[RECORDED INFORMATION]
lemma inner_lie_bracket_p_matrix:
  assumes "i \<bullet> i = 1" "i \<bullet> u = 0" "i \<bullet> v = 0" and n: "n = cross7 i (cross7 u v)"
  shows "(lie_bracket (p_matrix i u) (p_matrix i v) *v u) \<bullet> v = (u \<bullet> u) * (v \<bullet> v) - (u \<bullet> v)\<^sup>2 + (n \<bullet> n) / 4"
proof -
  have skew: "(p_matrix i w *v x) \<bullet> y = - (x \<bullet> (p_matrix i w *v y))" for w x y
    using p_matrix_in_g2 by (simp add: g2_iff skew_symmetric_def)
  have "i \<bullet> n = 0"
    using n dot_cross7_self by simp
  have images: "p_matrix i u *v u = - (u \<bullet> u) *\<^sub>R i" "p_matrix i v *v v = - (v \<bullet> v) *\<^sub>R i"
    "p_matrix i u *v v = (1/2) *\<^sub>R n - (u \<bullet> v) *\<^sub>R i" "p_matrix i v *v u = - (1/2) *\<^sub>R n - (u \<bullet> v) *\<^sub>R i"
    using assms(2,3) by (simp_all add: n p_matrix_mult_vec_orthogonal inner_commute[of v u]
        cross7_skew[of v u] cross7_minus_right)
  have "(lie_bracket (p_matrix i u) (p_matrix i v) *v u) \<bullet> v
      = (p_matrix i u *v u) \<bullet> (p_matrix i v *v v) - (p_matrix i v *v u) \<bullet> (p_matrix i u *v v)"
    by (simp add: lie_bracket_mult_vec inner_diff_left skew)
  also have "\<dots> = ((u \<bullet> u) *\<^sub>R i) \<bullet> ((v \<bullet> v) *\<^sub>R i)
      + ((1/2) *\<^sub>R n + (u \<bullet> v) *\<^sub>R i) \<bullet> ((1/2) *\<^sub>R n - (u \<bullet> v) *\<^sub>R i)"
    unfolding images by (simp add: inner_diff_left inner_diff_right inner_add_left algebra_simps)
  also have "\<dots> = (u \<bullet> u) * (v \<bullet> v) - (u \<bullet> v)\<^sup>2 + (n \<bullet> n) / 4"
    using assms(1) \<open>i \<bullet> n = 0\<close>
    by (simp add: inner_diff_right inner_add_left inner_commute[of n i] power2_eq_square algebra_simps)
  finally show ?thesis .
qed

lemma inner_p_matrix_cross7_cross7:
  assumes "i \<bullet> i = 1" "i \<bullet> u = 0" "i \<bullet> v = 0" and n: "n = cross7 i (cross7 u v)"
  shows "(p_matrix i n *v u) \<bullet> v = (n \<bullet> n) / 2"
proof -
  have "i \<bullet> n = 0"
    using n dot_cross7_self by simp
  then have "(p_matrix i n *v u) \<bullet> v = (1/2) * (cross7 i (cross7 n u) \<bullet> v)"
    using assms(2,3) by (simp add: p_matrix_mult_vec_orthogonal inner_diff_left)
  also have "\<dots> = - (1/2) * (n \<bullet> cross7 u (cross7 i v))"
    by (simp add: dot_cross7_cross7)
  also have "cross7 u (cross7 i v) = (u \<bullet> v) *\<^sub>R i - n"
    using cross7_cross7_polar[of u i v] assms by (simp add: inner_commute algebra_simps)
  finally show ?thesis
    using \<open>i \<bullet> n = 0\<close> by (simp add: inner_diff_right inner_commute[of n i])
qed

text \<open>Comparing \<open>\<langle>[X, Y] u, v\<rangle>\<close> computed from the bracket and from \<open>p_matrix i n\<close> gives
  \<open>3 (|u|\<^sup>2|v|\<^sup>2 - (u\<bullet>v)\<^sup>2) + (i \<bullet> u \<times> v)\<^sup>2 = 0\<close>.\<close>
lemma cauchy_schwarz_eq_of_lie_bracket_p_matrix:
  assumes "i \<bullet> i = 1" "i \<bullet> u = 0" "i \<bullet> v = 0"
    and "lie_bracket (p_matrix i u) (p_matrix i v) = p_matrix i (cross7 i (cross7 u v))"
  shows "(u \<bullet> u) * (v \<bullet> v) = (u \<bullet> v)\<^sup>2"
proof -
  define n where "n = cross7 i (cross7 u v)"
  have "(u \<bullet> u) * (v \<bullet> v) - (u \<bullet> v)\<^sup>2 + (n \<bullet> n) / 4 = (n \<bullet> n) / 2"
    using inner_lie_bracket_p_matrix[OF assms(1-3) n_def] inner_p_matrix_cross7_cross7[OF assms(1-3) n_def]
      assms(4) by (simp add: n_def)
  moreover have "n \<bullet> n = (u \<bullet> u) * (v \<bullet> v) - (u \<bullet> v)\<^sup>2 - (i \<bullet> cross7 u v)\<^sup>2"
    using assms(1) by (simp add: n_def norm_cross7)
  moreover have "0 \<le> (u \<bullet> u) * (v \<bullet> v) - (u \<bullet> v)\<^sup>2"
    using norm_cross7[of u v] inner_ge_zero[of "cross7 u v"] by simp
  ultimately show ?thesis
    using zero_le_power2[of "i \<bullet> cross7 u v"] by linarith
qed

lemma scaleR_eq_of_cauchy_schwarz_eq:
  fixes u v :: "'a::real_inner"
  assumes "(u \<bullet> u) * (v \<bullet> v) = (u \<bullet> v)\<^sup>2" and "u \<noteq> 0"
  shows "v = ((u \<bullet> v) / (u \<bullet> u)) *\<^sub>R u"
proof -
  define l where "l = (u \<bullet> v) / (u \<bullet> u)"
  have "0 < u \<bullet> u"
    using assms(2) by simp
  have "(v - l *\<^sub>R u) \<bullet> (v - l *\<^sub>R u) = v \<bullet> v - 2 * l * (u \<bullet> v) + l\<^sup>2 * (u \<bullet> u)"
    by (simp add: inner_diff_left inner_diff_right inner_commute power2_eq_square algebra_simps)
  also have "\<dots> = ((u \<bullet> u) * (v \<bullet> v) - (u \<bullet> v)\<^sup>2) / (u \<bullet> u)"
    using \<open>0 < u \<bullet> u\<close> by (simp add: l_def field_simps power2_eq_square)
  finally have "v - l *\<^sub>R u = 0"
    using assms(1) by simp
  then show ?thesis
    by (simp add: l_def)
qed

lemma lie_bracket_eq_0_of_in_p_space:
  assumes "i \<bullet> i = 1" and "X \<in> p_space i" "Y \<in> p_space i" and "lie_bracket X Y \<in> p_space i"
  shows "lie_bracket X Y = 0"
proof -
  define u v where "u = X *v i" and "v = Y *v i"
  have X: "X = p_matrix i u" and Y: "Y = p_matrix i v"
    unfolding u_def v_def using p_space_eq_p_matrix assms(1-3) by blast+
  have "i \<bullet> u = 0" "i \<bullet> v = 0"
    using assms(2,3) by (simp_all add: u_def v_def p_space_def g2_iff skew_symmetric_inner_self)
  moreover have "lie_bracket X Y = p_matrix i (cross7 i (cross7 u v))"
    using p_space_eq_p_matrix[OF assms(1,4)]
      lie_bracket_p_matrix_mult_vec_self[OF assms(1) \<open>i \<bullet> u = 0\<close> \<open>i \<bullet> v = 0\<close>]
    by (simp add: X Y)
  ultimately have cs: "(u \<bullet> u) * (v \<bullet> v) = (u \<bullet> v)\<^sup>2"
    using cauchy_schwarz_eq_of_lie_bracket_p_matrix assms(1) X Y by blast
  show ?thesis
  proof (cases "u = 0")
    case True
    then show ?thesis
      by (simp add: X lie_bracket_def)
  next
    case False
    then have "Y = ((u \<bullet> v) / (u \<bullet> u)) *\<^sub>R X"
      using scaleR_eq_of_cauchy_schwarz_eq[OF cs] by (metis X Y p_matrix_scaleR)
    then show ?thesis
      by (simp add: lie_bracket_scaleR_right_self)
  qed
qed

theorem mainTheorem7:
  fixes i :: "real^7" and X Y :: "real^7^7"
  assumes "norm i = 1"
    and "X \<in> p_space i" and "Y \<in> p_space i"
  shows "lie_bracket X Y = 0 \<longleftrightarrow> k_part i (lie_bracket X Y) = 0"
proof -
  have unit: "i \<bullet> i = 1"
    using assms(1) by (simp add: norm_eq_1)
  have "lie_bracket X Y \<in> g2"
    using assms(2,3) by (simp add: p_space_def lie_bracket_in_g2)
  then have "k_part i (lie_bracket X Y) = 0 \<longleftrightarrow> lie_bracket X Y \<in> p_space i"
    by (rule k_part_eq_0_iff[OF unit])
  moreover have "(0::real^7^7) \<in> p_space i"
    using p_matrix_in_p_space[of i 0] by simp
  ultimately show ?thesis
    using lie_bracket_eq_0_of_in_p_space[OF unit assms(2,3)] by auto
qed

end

[WORK TO COMPLETE]
Print exactly the lines of the listing above starting at the line containing "0 \<longleftrightarrow> lie_bracket" and ending at the line containing "using lie_bracket_eq_0_of_in_p_space[OF unit", both included.

[EXERCISE OUTPUT]
  then have "k_part i (lie_bracket X Y) = 0 \<longleftrightarrow> lie_bracket X Y \<in> p_space i"
    by (rule k_part_eq_0_iff[OF unit])
  moreover have "(0::real^7^7) \<in> p_space i"
    using p_matrix_in_p_space[of i 0] by simp
  ultimately show ?thesis
    using lie_bracket_eq_0_of_in_p_space[OF unit assms(2,3)] by auto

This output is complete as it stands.